How are we reacting to the new Republican tax law?
Well, I’ve crunched the numbers and my partner and I will be around $3-4k short of the new standard deduction, not including charitable contributions. This gap will widen over time as we pay down our mortgage and our interest deduction declines.
Since we plan to continue donating 10% of our net income, we can pretty easily surpass this $3-4k gap each year if we give as normal. But it would be more tax efficient to bunch our giving so that we give the same amount on average, but only every other year. Applying such a strategy would net us an average of $385 in greater tax refunds every year (growing slightly over time). Not a life changing amount, but not chump change either.
The big downside to such a plan is that we would, in essence, be “delaying” charitable donations which could be well used by our favorite institutions sooner than later. I put a pretty high discount rate on donations– I think $50 to a cause today is worth way more than $50 to a cause a year from now. Because who knows what the world will look like a year from now. Plus, if we lived our whole lives around financial optimization, we wouldn’t be giving this much to begin with.
Alternatively, we could “prepay” charitable donations a year early.
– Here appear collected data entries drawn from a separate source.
(* Let $$A= \begin{pmatrix} 1& -2& 2\\ 2&-1& 2\\ 2&-2& 3 \end{pmatrix}.$$ For every positive integer $n$, writing $A^n(3,4,5)^\top=(x,y,z)^\top$, the circumradius of the triangle with side lengths $x,y,z$ is $R_n=n^2+3n+\frac52$.
   Context: Triples are regarded as row vectors and $\top$ denotes transpose. The triple $A^n(3,4,5)^\top$ is a primitive Pythagorean triple (positive integers with $x^2+y^2=z^2$), so the triangle is a right triangle with hypotenuse $z$. *)

theory Defs
  imports "HOL-Analysis.Analysis"
begin

definition A_mat :: "int^3^3" where
  "A_mat = vector [vector [1, -2, 2], vector [2, -1, 2], vector [2, -2, 3]]"

definition mat_pow :: "int^3^3 \<Rightarrow> nat \<Rightarrow> int^3^3" where
  "mat_pow M n = (((**) M) ^^ n) (mat 1)"

definition tri_area :: "real \<Rightarrow> real \<Rightarrow> real \<Rightarrow> real" where
  "tri_area a b c = (let s = (a + b + c) / 2 in sqrt (s * (s - a) * (s - b) * (s - c)))"

definition circumradius :: "real \<Rightarrow> real \<Rightarrow> real \<Rightarrow> real" where
  "circumradius a b c = a * b * c / (4 * tri_area a b c)"

end

theory Submission
  imports Defs
begin

text \<open>By induction, \<open>A\<^sup>n (3,4,5)\<^sup>T = (2n+3, 2n\<^sup>2+6n+4, 2n\<^sup>2+6n+5)\<^sup>T\<close>, a right triangle
  with hypotenuse \<open>2n\<^sup>2+6n+5\<close>. Heron's formula gives area \<open>xy/2\<close> for a right triangle,
  so \<open>R = xyz/(4 \<cdot> xy/2) = z/2\<close> (Thales).\<close>

lemma mat_pow_Suc_mult_vector: "mat_pow M (Suc n) *v v = M *v (mat_pow M n *v v)"
  by (simp add: mat_pow_def matrix_vector_mul_assoc)

lemma A_mat_mult_vector:
  "A_mat *v vector [a, b, c] = vector [a - 2*b + 2*c, 2*a - b + 2*c, 2*a - 2*b + 3*c]"
  unfolding A_mat_def
  by (simp add: vec_eq_iff forall_3 matrix_vector_mult_def sum_3 vector_1 vector_2 vector_3)

lemma A_mat_pow_mult_345:
  "mat_pow A_mat n *v vector [3, 4, 5] =
     vector [2 * int n + 3, 2 * int n ^ 2 + 6 * int n + 4, 2 * int n ^ 2 + 6 * int n + 5]"
proof (induction n)
  case 0
  show ?case by (simp add: mat_pow_def)
next
  case (Suc n)
  show ?case
    unfolding mat_pow_Suc_mult_vector Suc A_mat_mult_vector
    by (simp add: algebra_simps power2_eq_square)
qed

lemma tri_area_right:
  fixes a b c :: real
  assumes "a > 0" "b > 0" "a\<^sup>2 + b\<^sup>2 = c\<^sup>2"
  shows "tri_area a b c = a * b / 2"
proof -
  let ?s = "(a + b + c) / 2"
  have "?s * (?s - a) * (?s - b) * (?s - c) = (a * b / 2)\<^sup>2"
    using assms(3) by (simp add: field_simps power2_eq_square) algebra
  then show ?thesis
    using assms(1,2) unfolding tri_area_def Let_def by simp
qed

lemma circumradius_right:
  fixes a b c :: real
  assumes "a > 0" "b > 0" "a\<^sup>2 + b\<^sup>2 = c\<^sup>2"
  shows "circumradius a b c = c / 2"
  using assms by (simp add: circumradius_def tri_area_right)

theorem mainTheorem7:
  fixes n :: nat
  assumes "n \<ge> 1"
  shows "let v = mat_pow A_mat n *v vector [3, 4, 5]
         in circumradius (of_int (v $ 1)) (of_int (v $ 2)) (of_int (v $ 3))
              = real n ^ 2 + 3 * real n + 5 / 2"
proof -
  have "circumradius (2 * real n + 3) (2 * real n ^ 2 + 6 * real n + 4)
          (2 * real n ^ 2 + 6 * real n + 5) = (2 * real n ^ 2 + 6 * real n + 5) / 2"
    by (rule circumradius_right) (auto simp: algebra_simps power2_eq_square add_pos_nonneg)
  then show ?thesis
    unfolding A_mat_pow_mult_345 Let_def by (simp add: vector_1 vector_2 vector_3)
qed

end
Which, if you believe the stock market will continue its bonanza of 20% annual increases, means we’ll be missing on non-trivial market gains.
So where does that leave us? To bunch or not to bunch?
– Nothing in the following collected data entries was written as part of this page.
lemma nth_gops[simp]:
  assumes "k < length ns"
  shows "gadd ns g h ! k = (g!k + h!k) mod int (ns!k)"
    and "gneg ns g ! k = (- (g!k)) mod int (ns!k)"
    and "gsub ns g h ! k = (g!k - h!k) mod int (ns!k)"
    and "gzero ns ! k = 0"
  using assms by (simp_all add: gadd_def gneg_def gsub_def gzero_def mod_add_right_eq)

lemma mem_G: "g \<in> G \<longleftrightarrow> length g = length ns \<and> (\<forall>k<length ns. 0 \<le> g!k \<and> g!k < int (ns!k))"
  by (simp add: Gset_def)

lemma gops_in_G[simp]: "gadd ns g h \<in> G" "gneg ns g \<in> G" "gsub ns g h \<in> G" "gzero ns \<in> G"
  using modulus_pos by (auto simp: mem_G)

lemma G_eqI:
  assumes "g \<in> G" "h \<in> G" "\<And>k. k < length ns \<Longrightarrow> g!k mod int (ns!k) = h!k mod int (ns!k)"
  shows "g = h"
  using assms by (intro nth_equalityI) (auto simp: mem_G)

lemma finite_G[simp]: "finite G"
proof -
  define M where "M = int (Max (insert 0 (set ns)))"
  have "G \<subseteq> {g. set g \<subseteq> {0..M} \<and> length g = length ns}"
  proof safe
    fix g x assume g: "g \<in> G" and "x \<in> set g"
    then obtain k where k: "k < length ns" "x = g!k" by (auto simp: in_set_conv_nth mem_G)
    have "int (ns!k) \<le> M" using k by (auto simp: M_def intro: Max_ge)
    then show "x \<in> {0..M}" using g k by (auto simp: mem_G)
  qed (auto simp: mem_G)
  moreover have "finite {g. set g \<subseteq> {0..M} \<and> length g = length ns}"
    by (rule finite_lists_length_eq) simp
  ultimately show ?thesis by (rule finite_subset)
qed

lemma gsub_gadd_cancel: "a \<in> G \<Longrightarrow> y \<in> G \<Longrightarrow> gsub ns (gadd ns a y) a = y"
  by (rule G_eqI) (auto simp: mod_simps)

lemma gsub_gadd_assoc: "b \<in> G \<Longrightarrow> gsub ns b (gadd ns a y) = gsub ns (gsub ns b a) y"
  by (rule G_eqI) (auto simp: mod_simps algebra_simps)

lemma gadd_gsub_cancel: "a \<in> G \<Longrightarrow> b \<in> G \<Longrightarrow> gadd ns a (gsub ns b a) = b"
  by (rule G_eqI) (auto simp: mod_simps algebra_simps)

lemma gsub_eq_gzero_iff: "a \<in> G \<Longrightarrow> b \<in> G \<Longrightarrow> gsub ns b a = gzero ns \<longleftrightarrow> a = b"
proof
  assume ab: "a \<in> G" "b \<in> G" and "gsub ns b a = gzero ns"
  then have "b = gadd ns a (gzero ns)" using gadd_gsub_cancel[OF ab] by simp
  also have "\<dots> = a" using ab by (intro G_eqI) (auto simp: mem_G)
  finally show "a = b" by simp
next
  assume "a \<in> G" "b \<in> G" "a = b"
  then show "gsub ns b a = gzero ns" by (intro G_eqI) auto
qed

lemma gneg_gneg: "a \<in> G \<Longrightarrow> gneg ns (gneg ns a) = a"
  by (rule G_eqI) (auto simp: mod_simps)

lemma sum_G_translate: "a \<in> G \<Longrightarrow> (\<Sum>x\<in>G. F x) = (\<Sum>y\<in>G. F (gadd ns a y))"
proof -
  assume a: "a \<in> G"
  have "bij_betw (gadd ns a) G G"
    by (rule bij_betw_byWitness[where f'="\<lambda>y. gsub ns y a"])
       (use a in \<open>auto simp: gsub_gadd_cancel gadd_gsub_cancel\<close>)
  then show ?thesis using sum.reindex_bij_betw[of "gadd ns a" G G F] by simp
qed

lemma sum_G_negate: "(\<Sum>x\<in>G. F x) = (\<Sum>y\<in>G. F (gneg ns y))"
proof -
  have "bij_betw (gneg ns) G G"
    by (rule bij_betw_byWitness[where f'="gneg ns"]) (auto simp: gneg_gneg)
  then show ?thesis using sum.reindex_bij_betw[of "gneg ns" G G F] by simp
qed

end

definition root_unity :: "nat \<Rightarrow> int \<Rightarrow> complex" where
  "root_unity n m = exp (2 * complex_of_real pi * \<i> * of_int m / of_nat n)"

lemma root_unity_add: "root_unity n (a + b) = root_unity n a * root_unity n b"
  unfolding root_unity_def by (simp add: exp_add[symmetric] ring_distribs add_divide_distrib)

lemma root_unity_zero[simp]: "root_unity n 0 = 1"
  by (simp add: root_unity_def)

lemma root_unity_multiple: "0 < n \<Longrightarrow> root_unity n (int n * q) = 1"
proof -
  assume n: "0 < n"
  have "2 * complex_of_real pi * \<i> * of_int (int n * q) / of_nat n = (2 * of_int q * pi) * \<i>"
    using n by (simp add: field_simps)
  then show ?thesis
    unfolding root_unity_def using exp_integer_2pi[of "real_of_int q"] by simp
qed

lemma root_unity_mod_right: "0 < n \<Longrightarrow> root_unity n (c * (a mod int n)) = root_unity n (c * a)"
proof -
  assume n: "0 < n"
  have "c * (a mod int n) = c * a + int n * (- c * (a div int n))"
    by (simp add: algebra_simps minus_div_mult_eq_mod[symmetric])
  then show ?thesis
    using root_unity_add[of n "c * a" "int n * (- c * (a div int n))"]
      root_unity_multiple[OF n, of "- c * (a div int n)"] by simp
qed

lemma root_unity_mod_left: "0 < n \<Longrightarrow> root_unity n ((a mod int n) * c) = root_unity n (a * c)"
  using root_unity_mod_right[of n c a] by (simp add: mult.commute)

context zgroup
begin

lemma gchar_root_unity: "gchar ns g h = (\<Prod>k<length ns. root_unity (ns!k) (g!k * h!k))"
  by (simp add: gchar_def root_unity_def)

lemma gchar_gadd_right: "gchar ns c (gadd ns x s) = gchar ns c x * gchar ns c s"
  unfolding gchar_root_unity prod.distrib[symmetric]
  by (rule prod.cong) (auto simp: root_unity_mod_right modulus_pos ring_distribs root_unity_add)

lemma gchar_gzero[simp]: "gchar ns (gzero ns) t = 1" "gchar ns t (gzero ns) = 1"
  unfolding gchar_root_unity by simp_all

lemma gchar_gneg_mult: "gchar ns (gneg ns h) t * gchar ns h t = 1"
proof -
  have "gchar ns (gneg ns h) t * gchar ns h t
      = (\<Prod>k<length ns. root_unity (ns!k) (- (h!k) * t!k + h!k * t!k))"
    unfolding gchar_root_unity prod.distrib[symmetric] root_unity_add
    by (rule prod.cong) (auto simp: root_unity_mod_left modulus_pos)
  then show ?thesis by simp
qed

lemma gchar_gneg_swap: "gchar ns (gneg ns h) t = gchar ns h (gneg ns t)"
  unfolding gchar_root_unity
  by (rule prod.cong) (auto simp: root_unity_mod_left root_unity_mod_right modulus_pos)

end

section \<open>The edge transition matrices\<close>

context zgroup
begin

abbreviation psi_hat :: "(int list \<Rightarrow> real) \<Rightarrow> int list \<Rightarrow> complex" where
  "psi_hat psi \<equiv> fourier ns (\<lambda>t. complex_of_real (psi t))"

text \<open>The entries of Q^n grow at most geometrically, so the exponential series converges.\<close>
lemma matpow_bound:
  fixes psi :: "int list \<Rightarrow> real"
  defines "B \<equiv> (\<Sum>b\<in>G. \<Sum>x\<in>G. \<bar>Qmat ns psi x b\<bar>)"
  shows "b \<in> G \<Longrightarrow> \<bar>matpow G (Qmat ns psi) n a b\<bar> \<le> B ^ n"
proof (induction n arbitrary: b)
  case 0 then show ?case by simp
next
  case (Suc n)
  have B_nonneg: "0 \<le> B" unfolding B_def by (intro sum_nonneg) auto
  have column: "(\<Sum>x\<in>G. \<bar>Qmat ns psi x b\<bar>) \<le> B"
    unfolding B_def using Suc.prems
    by (intro member_le_sum[where f="\<lambda>b. \<Sum>x\<in>G. \<bar>Qmat ns psi x b\<bar>"]) (auto intro: sum_nonneg)
  have "\<bar>matpow G (Qmat ns psi) (Suc n) a b\<bar>
      \<le> (\<Sum>x\<in>G. \<bar>matpow G (Qmat ns psi) n a x\<bar> * \<bar>Qmat ns psi x b\<bar>)"
    by (simp add: abs_mult[symmetric] sum_abs del: abs_mult)
  also have "\<dots> \<le> (\<Sum>x\<in>G. B ^ n * \<bar>Qmat ns psi x b\<bar>)"
    by (intro sum_mono mult_right_mono Suc.IH) auto
  also have "\<dots> \<le> B ^ n * B"
    using column B_nonneg by (simp add: sum_distrib_left[symmetric] mult_left_mono)
  finally show ?case by (simp add: mult.commute)
qed

lemma matpow_summable: "b \<in> G \<Longrightarrow> summable (\<lambda>n. matpow G (Qmat ns psi) n a b / fact n)"
proof -
  assume b: "b \<in> G"
  define B where "B = (\<Sum>b\<in>G. \<Sum>x\<in>G. \<bar>Qmat ns psi x b\<bar>)"
  have "summable (\<lambda>n. B^n / fact n)"
    using summable_exp_generic[of B] by (simp add: divide_inverse_commute)
  moreover have "norm (matpow G (Qmat ns psi) n a b / fact n) \<le> B^n / fact n" for n
    using matpow_bound[OF b, of psi n a]
    unfolding B_def real_norm_def abs_divide abs_of_pos[OF fact_gt_zero]
    by (intro divide_right_mono) auto
  ultimately show ?thesis by (rule summable_comparison_test'[where N=0])
qed

text \<open>Q is a group convolution matrix, hence so are its powers: Q^n(a,b) = Q^n(0, b-a).\<close>
lemma matpow_translation_invariant:
  "a \<in> G \<Longrightarrow> b \<in> G \<Longrightarrow> matpow G (Qmat ns psi) n a b = matpow G (Qmat ns psi) n (gzero ns) (gsub ns b a)"
proof (induction n arbitrary: b)
  case 0 then show ?case using gsub_eq_gzero_iff[of a b] by auto
next
  case (Suc n)
  let ?M = "matpow G (Qmat ns psi) n (gzero ns)"
  have "matpow G (Qmat ns psi) (Suc n) a b = (\<Sum>x\<in>G. ?M (gsub ns x a) * psi (gsub ns b x))"
    unfolding matpow.simps
    by (rule sum.cong[OF refl]) (use Suc in \<open>simp add: Qmat_def[of ns psi _ b]\<close>)
  also have "\<dots> = (\<Sum>y\<in>G. ?M (gsub ns (gadd ns a y) a) * psi (gsub ns b (gadd ns a y)))"
    by (rule sum_G_translate[OF Suc.prems(1)])
  also have "\<dots> = (\<Sum>y\<in>G. ?M y * psi (gsub ns (gsub ns b a) y))"
    using Suc.prems by (intro sum.cong) (auto simp: gsub_gadd_cancel gsub_gadd_assoc)
  also have "\<dots> = matpow G (Qmat ns psi) (Suc n) (gzero ns) (gsub ns b a)"
    by (simp add: Qmat_def)
  finally show ?case .
qed

lemma Pmat_translate: "a \<in> G \<Longrightarrow> t \<in> G \<Longrightarrow> Pmat ns psi a (gadd ns a t) = fedge ns psi t"
  unfolding fedge_def Pmat_def mexp_def
  by (simp add: matpow_translation_invariant[of a] gsub_gadd_cancel)

lemma fourier_matpow:
  "fourier ns (\<lambda>t. complex_of_real (matpow G (Qmat ns psi) n (gzero ns) t)) c = psi_hat psi c ^ n"
proof (induction n)
  case 0
  have "(\<Sum>t\<in>G. gchar ns c t * complex_of_real (if gzero ns = t then 1 else 0)) = gchar ns c (gzero ns)"
    by (simp add: if_distrib cong: if_cong)
  then show ?case by (simp add: fourier_def)
next
  case (Suc n)
  let ?M = "\<lambda>x. complex_of_real (matpow G (Qmat ns psi) n (gzero ns) x)"
  have shifted: "(\<Sum>t\<in>G. gchar ns c t * complex_of_real (psi (gsub ns t x))) = gchar ns c x * psi_hat psi c"
    if x: "x \<in> G" for x
  proof -
    have "(\<Sum>t\<in>G. gchar ns c t * complex_of_real (psi (gsub ns t x)))
        = (\<Sum>s\<in>G. gchar ns c (gadd ns x s) * complex_of_real (psi (gsub ns (gadd ns x s) x)))"
      by (rule sum_G_translate[OF x])
    also have "\<dots> = (\<Sum>s\<in>G. gchar ns c x * (gchar ns c s * complex_of_real (psi s)))"
      using x by (intro sum.cong) (auto simp: gsub_gadd_cancel gchar_gadd_right)
    finally show ?thesis by (simp add: fourier_def sum_distrib_left)
  qed
  have "fourier ns (\<lambda>t. complex_of_real (matpow G (Qmat ns psi) (Suc n) (gzero ns) t)) c
      = (\<Sum>t\<in>G. \<Sum>x\<in>G. ?M x * (gchar ns c t * complex_of_real (psi (gsub ns t x))))"
    by (simp add: fourier_def Qmat_def sum_distrib_left algebra_simps)
  also have "\<dots> = (\<Sum>x\<in>G. ?M x * (\<Sum>t\<in>G. gchar ns c t * complex_of_real (psi (gsub ns t x))))"
    by (subst sum.swap) (simp add: sum_distrib_left)
  also have "\<dots> = (\<Sum>x\<in>G. gchar ns c x * ?M x * psi_hat psi c)"
    by (intro sum.cong) (simp_all add: shifted)
  also have "\<dots> = (\<Sum>x\<in>G. gchar ns c x * ?M x) * psi_hat psi c"
    by (simp add: sum_distrib_right)
  finally show ?case using Suc.IH by (simp add: fourier_def)
qed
Since we “prepaid” a lot of our charitable obligation for this year, I am inclined to donate the remainder of this year’s charitable obligation and then “prepay” next year’s obligations into a donor advised fund. From an efficient giving standpoint, I still think it is better to just donate the extra to charity now and eschew the DAF altogether. But from a mental accounting standpoint, having the money under my “advisement” (read: basically under my control except legally?) is strangely comforting. Plus, setting up a charitable foundation in anticipation for our wedding might be nice. Have our guests donate into our charitable pot rather than buying us a toaster oven we’ll never use.
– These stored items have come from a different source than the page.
lemma shield_eq_bind_pmf:
  "shield Q s_tri s_circ mu \<eta> pol s = bind_pmf (pol s)
     (\<lambda>a. if a \<in> {a. (s, a) \<in> interv Q s_tri s_circ mu \<eta>} then mu s else return_pmf a)"
proof -
  let ?resample = "bind_pmf (pol s)
     (\<lambda>a. if a \<in> {a. (s, a) \<in> interv Q s_tri s_circ mu \<eta>} then mu s else return_pmf a)"
  have "shield Q s_tri s_circ mu \<eta> pol s = embed_pmf (pmf ?resample)"
    unfolding shield_def pmf_bind_resample by simp
  also have "\<dots> = ?resample"
    by (rule type_definition.Rep_inverse[OF td_pmf_embed_pmf])
  finally show ?thesis .
qed

lemma expectation_shield:
  fixes h :: "'a \<Rightarrow> real"
  assumes "\<And>a. \<bar>h a\<bar> \<le> B"
  shows "measure_pmf.expectation (shield Q s_tri s_circ mu \<eta> pol s) h
    = measure_pmf.expectation (pol s) (\<lambda>a.
        if (s, a) \<in> interv Q s_tri s_circ mu \<eta> then measure_pmf.expectation (mu s) h else h a)"
  unfolding shield_eq_bind_pmf expectation_bind_pmf_bounded[OF assms]
  by (intro Bochner_Integration.integral_cong) auto

lemma Qext_bounds:
  assumes "\<And>s a. s \<notin> {s_tri, s_circ} \<Longrightarrow> 0 \<le> Q s a \<and> Q s a \<le> 1"
  shows "0 \<le> Qext Q s_tri s_circ s a \<and> Qext Q s_tri s_circ s a \<le> 1"
  using assms[of s a] by (auto simp: Qext_def)

lemma polavg_Qext_bounds:
  assumes "\<And>s a. s \<notin> {s_tri, s_circ} \<Longrightarrow> 0 \<le> Q s a \<and> Q s a \<le> 1"
  shows "0 \<le> polavg (Qext Q s_tri s_circ) mu s \<and> polavg (Qext Q s_tri s_circ) mu s \<le> 1"
  unfolding polavg_def by (intro expectation_pmf_between Qext_bounds assms)

lemma polavg_Qext_tri [simp]: "polavg (Qext Q s_tri s_circ) mu s_tri = 1"
  by (simp add: polavg_def Qext_def[abs_def])

lemma polavg_Qext_circ [simp]:
  "s_tri \<noteq> s_circ \<Longrightarrow> polavg (Qext Q s_tri s_circ) mu s_circ = 0"
  by (simp add: polavg_def Qext_def[abs_def])

lemma expectation_shield_Qext_le:
  assumes Qrange: "\<And>s a. s \<notin> {s_tri, s_circ} \<Longrightarrow> 0 \<le> Q s a \<and> Q s a \<le> 1"
    and "0 \<le> \<eta>" and safe: "s \<notin> {s_tri, s_circ}"
  shows "measure_pmf.expectation (shield Q s_tri s_circ mu \<eta> pol s) (Qext Q s_tri s_circ s)
           \<le> polavg (Qext Q s_tri s_circ) mu s + \<eta>"
proof -
  have QE: "0 \<le> Qext Q s_tri s_circ s a \<and> Qext Q s_tri s_circ s a \<le> 1" for a
    using Qext_bounds[OF Qrange] .
  have "\<bar>Qext Q s_tri s_circ s a\<bar> \<le> 1" for a
    using QE by auto
  then have "measure_pmf.expectation (shield Q s_tri s_circ mu \<eta> pol s) (Qext Q s_tri s_circ s)
    = measure_pmf.expectation (pol s) (\<lambda>a. if (s, a) \<in> interv Q s_tri s_circ mu \<eta>
        then polavg (Qext Q s_tri s_circ) mu s else Qext Q s_tri s_circ s a)"
    unfolding polavg_def by (rule expectation_shield)
  also have "\<dots> \<le> polavg (Qext Q s_tri s_circ) mu s + \<eta>"
    using safe \<open>0 \<le> \<eta>\<close> QE polavg_Qext_bounds[OF Qrange, where mu=mu and s=s]
    by (intro conjunct2[OF expectation_pmf_between[where l=0]])
       (auto simp: interv_def Adv_def)
  finally show ?thesis .
qed

lemma shield_Bellman_inequality:
  fixes P :: "'s \<Rightarrow> 'a \<Rightarrow> 's pmf"
  assumes "0 \<le> \<gamma>" and distinct: "s_tri \<noteq> s_circ"
    and tri_to_circ: "\<And>a. P s_tri a = return_pmf s_circ"
    and circ_absorb: "\<And>a. P s_circ a = return_pmf s_circ"
    and "0 \<le> \<eta>" "0 \<le> \<sigma>"
    and Qrange: "\<And>s a. s \<notin> {s_tri, s_circ} \<Longrightarrow> 0 \<le> Q s a \<and> Q s a \<le> 1"
    and adm: "admissible P s_tri s_circ \<gamma> Q mu \<sigma>"
  shows "(if x = s_tri then 1 else 0)
      + \<gamma> * measure_pmf.expectation (bind_pmf (shield Q s_tri s_circ mu \<eta> pol x) (P x))
                (polavg (Qext Q s_tri s_circ) mu)
    \<le> polavg (Qext Q s_tri s_circ) mu x + min (\<sigma> + \<eta>) (2 * \<gamma>)"
proof -
  let ?Qm = "polavg (Qext Q s_tri s_circ) mu" and ?pol' = "shield Q s_tri s_circ mu \<eta> pol"
  define h where "h a = measure_pmf.expectation (P x a) ?Qm" for a
  have Qm: "0 \<le> ?Qm s \<and> ?Qm s \<le> 1" for s
    by (rule polavg_Qext_bounds[OF Qrange])
  then have h: "0 \<le> h a \<and> h a \<le> 1" for a
    unfolding h_def by (rule expectation_pmf_between)
  have "\<bar>?Qm s\<bar> \<le> 1" for s
    using Qm[of s] by auto
  then have next_step: "measure_pmf.expectation (bind_pmf (?pol' x) (P x)) ?Qm
      = measure_pmf.expectation (?pol' x) h"
    unfolding h_def by (rule expectation_bind_pmf_bounded)
  show ?thesis
  proof (cases "x \<in> {s_tri, s_circ}")
    case True
    then have "h = (\<lambda>_. 0)"
      using distinct by (auto simp: h_def tri_to_circ circ_absorb)
    then show ?thesis
      using True next_step \<open>0 \<le> \<gamma>\<close> \<open>0 \<le> \<eta>\<close> \<open>0 \<le> \<sigma>\<close> distinct by auto
  next
    case safe: False
    have "\<gamma> * measure_pmf.expectation (?pol' x) h \<le> \<gamma>"
      using expectation_pmf_between[OF h, where p="?pol' x"] \<open>0 \<le> \<gamma>\<close> by (simp add: mult_left_le)
    then have by_range: "\<gamma> * measure_pmf.expectation (?pol' x) h \<le> ?Qm x + 2 * \<gamma>"
      using Qm[of x] \<open>0 \<le> \<gamma>\<close> by linarith
    have QE: "0 \<le> Qext Q s_tri s_circ x a \<and> Qext Q s_tri s_circ x a \<le> 1" for a
      by (rule Qext_bounds[OF Qrange])
    have "\<gamma> * h a \<le> Qext Q s_tri s_circ x a + \<sigma>" for a
      using adm safe unfolding admissible_def h_def by (auto simp: cost_def)
    then have "\<gamma> * measure_pmf.expectation (?pol' x) h
        \<le> measure_pmf.expectation (?pol' x) (\<lambda>a. Qext Q s_tri s_circ x a + \<sigma>)"
      using h QE \<open>0 \<le> \<gamma>\<close> \<open>0 \<le> \<sigma>\<close>
      by (subst integral_mult_right_zero[symmetric],
          intro expectation_pmf_mono_bounded[where B=\<gamma> and C="1 + \<sigma>"])
         (auto simp: abs_mult intro: mult_left_le)
    also have "\<dots> = measure_pmf.expectation (?pol' x) (Qext Q s_tri s_circ x) + \<sigma>"
      using QE by (subst expectation_pmf_add_bounded[where B=1 and C="\<bar>\<sigma>\<bar>"]) auto
    also have "\<dots> \<le> ?Qm x + \<eta> + \<sigma>"
      using expectation_shield_Qext_le[OF Qrange \<open>0 \<le> \<eta>\<close> safe] by simp
    finally have by_admissibility: "\<gamma> * measure_pmf.expectation (?pol' x) h \<le> ?Qm x + (\<sigma> + \<eta>)"
      by simp
    show ?thesis
      using safe next_step by_range by_admissibility by auto
  qed
qed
Are you changing your tax strategy due to the new tax law? Will it affect your charitable giving?
7 thoughts on “Tax Optimization and Charitable Giving”
For now, we aren’t likely to change our strategy because, with only a light crunching of numbers, I think the sad reality is that our mortgage interest and property tax are high enough to continue itemizing deductions for at least another couple of years. I’d love for that to change but our days of paying down the mortgage in large chunks are behind us for now. But before we run out of the high mortgage interest, we may consider opening up the DAF. I’m glad we have a couple years to decide that, though.
That sounds like a very reasonable plan. I worry for myself that the new law gives weird incentives on how and when to allocated charitable giving, so it’s good to hear that at least for now others are keeping on keeping on.
Our mortgage interest is high enough that we aren’t affected, and that is like to be the case for the next ~7 years (although we are likely to do some prepayments so maybe not quite that long). Our property/state tax will always be >$10k.
Seven years is a good amount of time. At this rate, we might have an entirely new tax system by then.
We weren’t even that close to itemizing with the previous tax laws, so it will hardly affect our giving. Mortgage interest and property taxes are under $7,000 a year for us. Though our mortgage interest rate is going up a good chunk this year, so we will pay at least another $1,000 in interest this year. My husband wishes I had done the 15 year mortgage instead of the ARM, oops.
I feel like a weird trick of the human psyche is happening where I feel less likely to pay down my mortgage now vs. before the tax bill. Which rationally makes no sense– the marginal effect was greater before than now– but it is what it is.
That’s interesting. I guess itemizing didn’t mean that much to us, but also I’m not any more interested in paying the mortgage down now. The more the housing market increases the condo value, the less I want to pay the mortgage down too. We are hoping to refinance to a 10 year mortgage soon though to help calm the mortgage interest rate.